● **Work to complete**
Pull every line with "open" from the data.

● **Records for this task**

(* Let $G=(V,E)$ be a finite simple undirected graph and let $S$ be a total clique covering of $G$. Then there exists a coding sequence $\sigma$ of $G$ such that $S=S_\sigma$.
   Context: All graphs are finite, simple and undirected. A clique is a set of pairwise adjacent vertices; a set $S$ of cliques of $G$ is a total clique covering if every vertex lies in some member of $S$ and every edge has both endpoints in some member of $S$. For a finite sequence $\sigma=(a_1,\ldots,a_m)$ of positive integers, $G[\sigma]$ is the graph with vertices $v_1,\ldots,v_m$ ($a_i$ the label of $v_i$) where $v_iv_j$ is an edge iff $i\ne j$ and $\gcd(a_i,a_j)>1$. A coding sequence of a graph $G$ with $s\ge0$ isolated vertices: if $G$ has one vertex, $\sigma=(1)$; otherwise, with $G_1$ the graph obtained by deleting isolated vertices, take a non-decreasing finite sequence $\sigma_1$ of square-free integers $>1$ with $G_1\cong G[\sigma_1]$ and prefix it with $s$ entries equal to $1$; then $G\cong G[\sigma]$ with the isolated vertices labelled $1$. $\lambda(\sigma)$ is the lcm of the entries of $\sigma$ greater than $1$. Given a coding sequence $\sigma=(\lambda_1,\ldots,\lambda_m)$ of $G$ with vertices $v_i$ labelled $\lambda_i$, $s$ isolated vertices $v_1,\ldots,v_s$, and $p_1,\ldots,p_k$ the distinct prime factors of $\lambda(\sigma)$, the total clique covering corresponding to $\sigma$ is $S_\sigma=\{\{v_1\},\ldots,\{v_s\}\}\cup\{\{v_i : p_j\mid\lambda_i\} : j=1,\ldots,k\}$. *)

theory Defs
  imports "HOL-Computational_Algebra.Computational_Algebra"
begin

definition simple_graph :: "'a set \<Rightarrow> ('a \<Rightarrow> 'a \<Rightarrow> bool) \<Rightarrow> bool" where
  "simple_graph V E \<longleftrightarrow> finite V \<and> (\<forall>u v. E u v \<longrightarrow> u \<in> V \<and> v \<in> V)
     \<and> (\<forall>u v. E u v \<longrightarrow> E v u) \<and> (\<forall>v. \<not> E v v)"

definition clique :: "'a set \<Rightarrow> ('a \<Rightarrow> 'a \<Rightarrow> bool) \<Rightarrow> 'a set \<Rightarrow> bool" where
  "clique V E C \<longleftrightarrow> C \<noteq> {} \<and> C \<subseteq> V \<and> (\<forall>x\<in>C. \<forall>y\<in>C. x \<noteq> y \<longrightarrow> E x y)"

definition total_clique_covering :: "'a set \<Rightarrow> ('a \<Rightarrow> 'a \<Rightarrow> bool) \<Rightarrow> 'a set set \<Rightarrow> bool" where
  "total_clique_covering V E S \<longleftrightarrow> (\<forall>C\<in>S. clique V E C)
     \<and> (\<forall>v\<in>V. \<exists>C\<in>S. v \<in> C)
     \<and> (\<forall>u v. E u v \<longrightarrow> (\<exists>C\<in>S. u \<in> C \<and> v \<in> C))"

definition isolated :: "'a set \<Rightarrow> ('a \<Rightarrow> 'a \<Rightarrow> bool) \<Rightarrow> 'a \<Rightarrow> bool" where
  "isolated V E v \<longleftrightarrow> v \<in> V \<and> (\<forall>u. \<not> E v u)"

text \<open>The graph G[sigma]: vertices are the indices 0..<length sigma (0-based),
  i adjacent to j iff i \<noteq> j and gcd of the labels exceeds 1.\<close>
definition gcd_adj :: "nat list \<Rightarrow> nat \<Rightarrow> nat \<Rightarrow> bool" where
  "gcd_adj \<sigma> i j \<longleftrightarrow> i < length \<sigma> \<and> j < length \<sigma> \<and> i \<noteq> j \<and> gcd (\<sigma> ! i) (\<sigma> ! j) > 1"

definition graph_iso :: "'a set \<Rightarrow> ('a \<Rightarrow> 'a \<Rightarrow> bool) \<Rightarrow> 'b set \<Rightarrow> ('b \<Rightarrow> 'b \<Rightarrow> bool)
    \<Rightarrow> ('a \<Rightarrow> 'b) \<Rightarrow> bool" where
  "graph_iso V E W F f \<longleftrightarrow> bij_betw f V W \<and> (\<forall>u\<in>V. \<forall>v\<in>V. E u v \<longleftrightarrow> F (f u) (f v))"

definition coding_seq :: "'a set \<Rightarrow> ('a \<Rightarrow> 'a \<Rightarrow> bool) \<Rightarrow> nat list \<Rightarrow> bool" where
  "coding_seq V E \<sigma> \<longleftrightarrow>
     (card V = 1 \<and> \<sigma> = [1]) \<or>
     (card V \<noteq> 1 \<and> (\<exists>\<sigma>1. \<sigma> = replicate (card {v. isolated V E v}) 1 @ \<sigma>1
        \<and> sorted \<sigma>1 \<and> (\<forall>a\<in>set \<sigma>1. squarefree a \<and> a > 1)
        \<and> (\<exists>g. graph_iso (V - {v. isolated V E v}) E {0..<length \<sigma>1} (gcd_adj \<sigma>1) g)))"

definition lam :: "nat list \<Rightarrow> nat" where
  "lam \<sigma> = Lcm {a \<in> set \<sigma>. a > 1}"

text \<open>S_sigma, on the vertex set 0..<length sigma of G[sigma]: the singletons of
  the vertices labelled 1 (the isolated vertices v_1..v_s), and for each prime
  p dividing lambda(sigma) the set of vertices whose label p divides.\<close>
definition S_sigma :: "nat list \<Rightarrow> nat set set" where
  "S_sigma \<sigma> = {{i} | i. i < length \<sigma> \<and> \<sigma> ! i = 1}
     \<union> {{i. i < length \<sigma> \<and> p dvd \<sigma> ! i} | p. prime p \<and> p dvd lam \<sigma>}"

end

theory Submission
  imports Defs
begin

text \<open>Give every clique of S that contains no isolated vertex its own prime and label each vertex
  by the product of the primes of the cliques through it, so that isolated vertices get the empty
  product 1. Two distinct vertices then share a prime iff some clique of S contains both, i.e. iff
  they are adjacent, and the vertices divisible by the prime of a clique C are exactly those of C.
  Listing the isolated vertices first and the others by increasing label gives a coding sequence
  whose prime cliques are the images of the members of S; the remaining members of S are the
  singletons of the isolated vertices.\<close>

subsection \<open>Labelling by products of distinct primes\<close>

lemma obtain_inj_on_primes:
  assumes "finite A"
  obtains P :: "'a \<Rightarrow> nat" where "inj_on P A" and "\<And>x. x \<in> A \<Longrightarrow> prime (P x)"
proof -
  obtain B where B: "finite B" "card B = card A" "B \<subseteq> {p::nat. prime p}"
    using infinite_arbitrarily_large[OF primes_infinite] by blast
  then obtain P where "inj_on P A" "P ` A \<subseteq> B"
    using inj_on_iff_card_le[OF assms B(1)] by auto
  with B(3) that show ?thesis by blast
qed

definition prime_label :: "'a set set \<Rightarrow> ('a set \<Rightarrow> nat) \<Rightarrow> 'a \<Rightarrow> nat" where
  "prime_label S P v = (\<Prod>C\<in>{C\<in>S. v \<in> C}. P C)"

context
  fixes S :: "'a set set" and P :: "'a set \<Rightarrow> nat"
  assumes S_finite: "finite S" and P_inj: "inj_on P S"
    and P_prime: "\<And>C. C \<in> S \<Longrightarrow> prime (P C)"
begin

lemma prime_dvd_prime_label_iff:
  assumes "prime q"
  shows "q dvd prime_label S P v \<longleftrightarrow> (\<exists>C\<in>S. v \<in> C \<and> q = P C)"
proof -
  have "q dvd prime_label S P v \<longleftrightarrow> (\<exists>C\<in>{C\<in>S. v \<in> C}. q dvd P C)"
    unfolding prime_label_def using S_finite by (intro prime_dvd_prod_iff assms) simp
  also have "\<dots> \<longleftrightarrow> (\<exists>C\<in>S. v \<in> C \<and> q = P C)"
    using P_prime assms primes_dvd_imp_eq by auto
  finally show ?thesis .
qed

● **Task output**
text \<open>The graph G[sigma]: vertices are the indices 0..<length sigma (0-based),
text \<open>S_sigma, on the vertex set 0..<length sigma of G[sigma]: the singletons of
text \<open>Give every clique of S that contains no isolated vertex its own prime and label each vertex
subsection \<open>Labelling by products of distinct primes\<close>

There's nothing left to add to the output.